Also, the Eleventh Circuit has held that "neither Alleyne nor Descamps apply retroactively on collateral review." King v. United States, 610 Fed. Appx. 825, 829 (11th Cir.), cert. denied, 136 S.Ct. 349 (2015). Therefore, Hall's Motion to Vacate was not timely filed under § 2255(f)(3). Id.
The court entered its Judgment in Hall's criminal case on August 9, 2013. (Crim. doc. 17.) Hall did not appeal; therefore, the judgment became final on August 23, 2013. See Murphy v. United States, 634 F.3d 1303, 1307 (11th Cir. 2011)("[W]hen a defendant does not appeal his conviction or sentence, the judgment of conviction becomes final when the time for seeking that review expires." (citing Mederos v. United States, 218 F.3d 1252, 1253 (11th Cir. 2000); Akins v. United States, 204 F.3d 1086, 1089 n.1 (11th Cir.2000))). Therefore, pursuant to § 2255(f)(1), Hall had until August 23, 2014, to file a Motion to Vacate pursuant to § 2255. His Motion to Vacate is deemed to have been filed on April 2, 2015. Therefore, his Motion to Vacate was not timely filed.
2. Amended Motion to Vacate —
Johnson v. United States, (doc. 6).
In response to the Government's Motion to Dismiss, the court issued a Order, giving Hall until October 31, 2016, to file his opposition to the Motion to Dismiss. (Doc. 5.) On that date, the court received an envelope both containing Hall's Response to the court's Order, (doc. 7), and his Amended Motion to Vacate, (doc. 6). The Certificate of Service on Hall's Response is dated October 17, 2016; the Certificate of Service for his Amended Motion is dated June 14, 2016.

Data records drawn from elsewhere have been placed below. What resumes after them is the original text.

lemma mat_apply_inv_left: "mat_det A \<noteq> 0 \<Longrightarrow> mat_apply (mat_inv A) (mat_apply A x) = x"
proof (cases A, cases x)
  fix a b c d x1 x2 assume "mat_det A \<noteq> 0" "A = (a, b, c, d)" "x = (x1, x2)"
  moreover have "mat_apply (d, - b, - c, a) (mat_apply A x) = scal2 (mat_det A) x"
    using calculation by (simp add: scal2_def algebra_simps)
  ultimately show ?thesis
    by (simp only: mat_inv_eq_scale_adj mat_apply_scale) (simp add: scal2_def)
qed

lemma mat_apply_inv_right: "mat_det A \<noteq> 0 \<Longrightarrow> mat_apply A (mat_apply (mat_inv A) x) = x"
proof (cases A, cases x)
  fix a b c d x1 x2 assume "mat_det A \<noteq> 0" "A = (a, b, c, d)" "x = (x1, x2)"
  moreover have "mat_apply A (mat_apply (d, - b, - c, a) x) = scal2 (mat_det A) x"
    using calculation by (simp add: scal2_def algebra_simps)
  ultimately show ?thesis
    by (simp only: mat_inv_eq_scale_adj mat_apply_scale mat_apply_scal2) (simp add: scal2_def)
qed

lemma mat_inv_mult_self: "mat_det A \<noteq> 0 \<Longrightarrow> mat_mult (mat_inv A) A = mat_one"
  by (rule mat_eqI) (simp add: mat_apply_mult mat_apply_inv_left)

lemma mat_mult_inv_cancel: "mat_det A \<noteq> 0 \<Longrightarrow> mat_mult A (mat_mult (mat_inv A) B) = B"
  by (rule mat_eqI) (simp add: mat_apply_mult mat_apply_inv_right)

lemma mat_mult_diff: "mat_mult A (mat_diff B C) = mat_diff (mat_mult A B) (mat_mult A C)"
  by (cases A; cases B; cases C) (simp add: mat_mult_def mat_diff_def algebra_simps)

lemma inj_mat_apply: "mat_det M \<noteq> 0 \<Longrightarrow> inj (mat_apply M)"
  by (metis injI mat_apply_inv_left)

lemma scal2_image_scal2: "scal2 c ` (scal2 d ` L) = scal2 (c * d) ` L"
  by (auto simp: scal2_def image_image mult.assoc)

lemma scal2_one_image [simp]: "scal2 1 ` L = L"
  by (simp add: scal2_def)

lemma inj_scal2: "c \<noteq> 0 \<Longrightarrow> inj (scal2 c)"
  by (auto simp: inj_def scal2_def)

lemma hclass_self: "L \<in> hclass L"
  unfolding hclass_def by (rule CollectI, rule exI[of _ 1]) simp

lemma hclass_scal2: assumes "c \<noteq> 0" shows "hclass (scal2 c ` L) = hclass L"
proof
  show "hclass (scal2 c ` L) \<subseteq> hclass L"
    unfolding hclass_def using assms by (auto simp: scal2_image_scal2)
  show "hclass L \<subseteq> hclass (scal2 c ` L)"
  proof
    fix X assume "X \<in> hclass L"
    then obtain d where d: "d \<noteq> 0" "X = scal2 d ` L" unfolding hclass_def by auto
    then have "X = scal2 (d / c) ` (scal2 c ` L)" "d / c \<noteq> 0" using assms by (simp_all add: scal2_image_scal2)
    then show "X \<in> hclass (scal2 c ` L)" unfolding hclass_def by blast
  qed
qed

lemma hclass_eq_iff_scal2: "hclass L1 = hclass L2 \<Longrightarrow> \<exists>c. c \<noteq> 0 \<and> L1 = scal2 c ` L2"
  using hclass_self[of L1] unfolding hclass_def by auto

lemma hclass_of_member: "L' \<in> hclass L \<Longrightarrow> hclass L' = hclass L"
proof -
  assume "L' \<in> hclass L"
  then obtain c where "c \<noteq> 0" "L' = scal2 c ` L" unfolding hclass_def by auto
  then show ?thesis by (simp add: hclass_scal2)
qed

lemma gl_act_hclass: "gl_act M (hclass L) = hclass (mat_apply M ` L)"
proof -
  have "mat_apply M ` (scal2 c ` L) = scal2 c ` (mat_apply M ` L)" for c
    by (simp add: image_image mat_apply_scal2)
  then show ?thesis unfolding gl_act_def hclass_def by blast
qed

lemma gl_act_mult: "gl_act (mat_mult A B) x = gl_act A (gl_act B x)"
  unfolding gl_act_def by (simp add: image_image mat_apply_mult)

lemma gl_act_inv_left: "mat_det A \<noteq> 0 \<Longrightarrow> gl_act (mat_inv A) (gl_act A x) = x"
  unfolding gl_act_def by (simp add: image_image mat_apply_inv_left)

lemma gl_act_inv_right: "mat_det A \<noteq> 0 \<Longrightarrow> gl_act A (gl_act (mat_inv A) x) = x"
  unfolding gl_act_def by (simp add: image_image mat_apply_inv_right)

lemma fst_mat_normalise: "fst A \<noteq> 0 \<Longrightarrow> fst (mat_normalise A) = 1"
  by (cases A) (simp add: mat_normalise_def mat_scale_def)

lemma mat_normalise_scale: "s \<noteq> 0 \<Longrightarrow> mat_normalise (mat_scale s A) = mat_normalise A"
  by (cases A) (simp add: mat_normalise_def mat_scale_def)

lemma gl_act_mat_scale: "s \<noteq> 0 \<Longrightarrow> gl_act (mat_scale s M) (hclass L) = gl_act M (hclass L)"
proof -
  assume "s \<noteq> 0"
  moreover have "mat_apply (mat_scale s M) ` L = scal2 s ` (mat_apply M ` L)"
    by (simp add: mat_apply_scale image_image)
  ultimately show ?thesis by (simp add: gl_act_hclass hclass_scal2)
qed

definition lincomb :: "'a::field \<Rightarrow> 'a vec2 \<Rightarrow> 'a \<Rightarrow> 'a vec2 \<Rightarrow> 'a vec2" where
  "lincomb a u b w = (a * fst u + b * fst w, a * snd u + b * snd w)"

definition vec_det :: "'a::field vec2 \<Rightarrow> 'a vec2 \<Rightarrow> 'a" where
  "vec_det u w = fst u * snd w - snd u * fst w"

lemma mat_apply_lincomb: "mat_apply M (lincomb a u b w) = lincomb a (mat_apply M u) b (mat_apply M w)"
  by (cases M; cases u; cases w) (simp add: lincomb_def algebra_simps)

lemma scal2_lincomb: "scal2 c (lincomb a u b w) = lincomb a (scal2 c u) b (scal2 c w)"
  by (simp add: lincomb_def scal2_def algebra_simps)

lemma vec_det_mat_apply: "vec_det (mat_apply M u) (mat_apply M w) = mat_det M * vec_det u w"
  by (cases M; cases u; cases w) (simp add: vec_det_def algebra_simps)

lemma lincomb_coordinates:
  assumes "vec_det u w \<noteq> 0"
  shows "x = lincomb ((fst x * snd w - snd x * fst w) / vec_det u w) u
                     ((fst u * snd x - snd u * fst x) / vec_det u w) w"
proof -
  obtain x1 x2 u1 u2 w1 w2 where xuw: "x = (x1, x2)" "u = (u1, u2)" "w = (w1, w2)"
    by (cases x; cases u; cases w)
  have d: "u1 * w2 - u2 * w1 \<noteq> 0" using assms xuw by (simp add: vec_det_def)
  have "(x1 * w2 - x2 * w1) / (u1 * w2 - u2 * w1) * u1 + (u1 * x2 - u2 * x1) / (u1 * w2 - u2 * w1) * w1 = x1"
       "(x1 * w2 - x2 * w1) / (u1 * w2 - u2 * w1) * u2 + (u1 * x2 - u2 * x1) / (u1 * w2 - u2 * w1) * w2 = x2"
    using d by (simp_all add: divide_simps, algebra+)
  then show ?thesis by (simp add: xuw lincomb_def vec_det_def)
qed

lemma lincomb_unique:
  assumes "vec_det u w \<noteq> 0" "lincomb a u b w = lincomb a' u b' w"
  shows "a = a'" "b = b'"
proof -
  obtain u1 u2 w1 w2 where uw: "u = (u1, u2)" "w = (w1, w2)" by (cases u; cases w)
  have h: "a * u1 + b * w1 = a' * u1 + b' * w1" "a * u2 + b * w2 = a' * u2 + b' * w2"
    using assms(2) uw by (auto simp: lincomb_def)
  have "(a - a') * vec_det u w = 0" "(b - b') * vec_det u w = 0"
    using h by (simp_all add: uw vec_det_def, algebra+)
  with assms(1) show "a = a'" "b = b'" by simp_all
qed

context discrete_valuation
begin

definition ospan :: "'a vec2 \<Rightarrow> 'a vec2 \<Rightarrow> 'a vec2 set" where
  "ospan u w = {lincomb a u b w | a b. val_ge 0 a \<and> val_ge 0 b}"

lemma is_lattice_iff_ospan: "is_lattice v L \<longleftrightarrow> (\<exists>u w. vec_det u w \<noteq> 0 \<and> L = ospan u w)"
proof -
  have "val_ring v = {x. val_ge 0 x}" by (auto simp: val_ring_def val_ge_def)
  then show ?thesis unfolding is_lattice_def ospan_def vec_det_def lincomb_def by auto
qed

lemma lincomb_mem_ospan: "val_ge 0 a \<Longrightarrow> val_ge 0 b \<Longrightarrow> lincomb a u b w \<in> ospan u w"
  unfolding ospan_def by blast

lemma ospan_generators: "u \<in> ospan u w" "w \<in> ospan u w"
  using lincomb_mem_ospan[of 1 0 u w] lincomb_mem_ospan[of 0 1 u w] by (simp_all add: lincomb_def)

lemma ospan_lincomb_closed:
  assumes "x \<in> ospan u w" "y \<in> ospan u w" "val_ge 0 a" "val_ge 0 b"
  shows "lincomb a x b y \<in> ospan u w"
proof -
  obtain a1 b1 where x: "x = lincomb a1 u b1 w" "val_ge 0 a1" "val_ge 0 b1" using assms(1) ospan_def by auto
  obtain a2 b2 where y: "y = lincomb a2 u b2 w" "val_ge 0 a2" "val_ge 0 b2" using assms(2) ospan_def by auto
  have "lincomb a x b y = lincomb (a * a1 + b * a2) u (a * b1 + b * b2) w"
    by (simp add: x y lincomb_def algebra_simps)
  moreover have "val_ge 0 (a * a1 + b * a2)" "val_ge 0 (a * b1 + b * b2)"
    using x y assms by (auto intro!: val_ge_add val_ge_mult_integral)
  ultimately show ?thesis using lincomb_mem_ospan by simp
qed

lemma ospan_add: "x \<in> ospan u w \<Longrightarrow> y \<in> ospan u w \<Longrightarrow> (fst x + fst y, snd x + snd y) \<in> ospan u w"
  using ospan_lincomb_closed[of x u w y 1 1] by (simp add: lincomb_def)

lemma ospan_scal2: "x \<in> ospan u w \<Longrightarrow> val_ge 0 a \<Longrightarrow> scal2 a x \<in> ospan u w"
  using ospan_lincomb_closed[of x u w x a 0] by (simp add: lincomb_def scal2_def)

lemma ospan_subset: "u' \<in> ospan u w \<Longrightarrow> w' \<in> ospan u w \<Longrightarrow> ospan u' w' \<subseteq> ospan u w"
  using ospan_lincomb_closed unfolding ospan_def[of u' w'] by blast

lemma ospan_eqI:
  "u' \<in> ospan u w \<Longrightarrow> w' \<in> ospan u w \<Longrightarrow> u \<in> ospan u' w' \<Longrightarrow> w \<in> ospan u' w' \<Longrightarrow> ospan u' w' = ospan u w"
  using ospan_subset by blast

lemma ospan_swap: "ospan u w = ospan w u"
  by (rule ospan_eqI) (simp_all add: ospan_generators)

"Under the `prison mailbox rule,' [a motion to vacate filed by a prisoner proceeding pro se] is deemed filed on the day it was signed and delivered to prison authorities for mailing. In the absence of other evidence, it is assumed that a § 2255 motion was presented for mailing on the date it is signed." Askew v. United States, No. 1:08-CR-204-LSC-TMP, 2014 WL 1233686, *1 n.1 (N.D. Ala. Mar. 25, 2014)(citing Houston v. Lack, 487 U.S. 266 (1988); Washington v. United States, 243 F.3d 1299 (11th Cir.2001))(internal citations omitted); see also Jeffries v. United States, 748 F.3d 1310, 1315 (11th Cir. 2014).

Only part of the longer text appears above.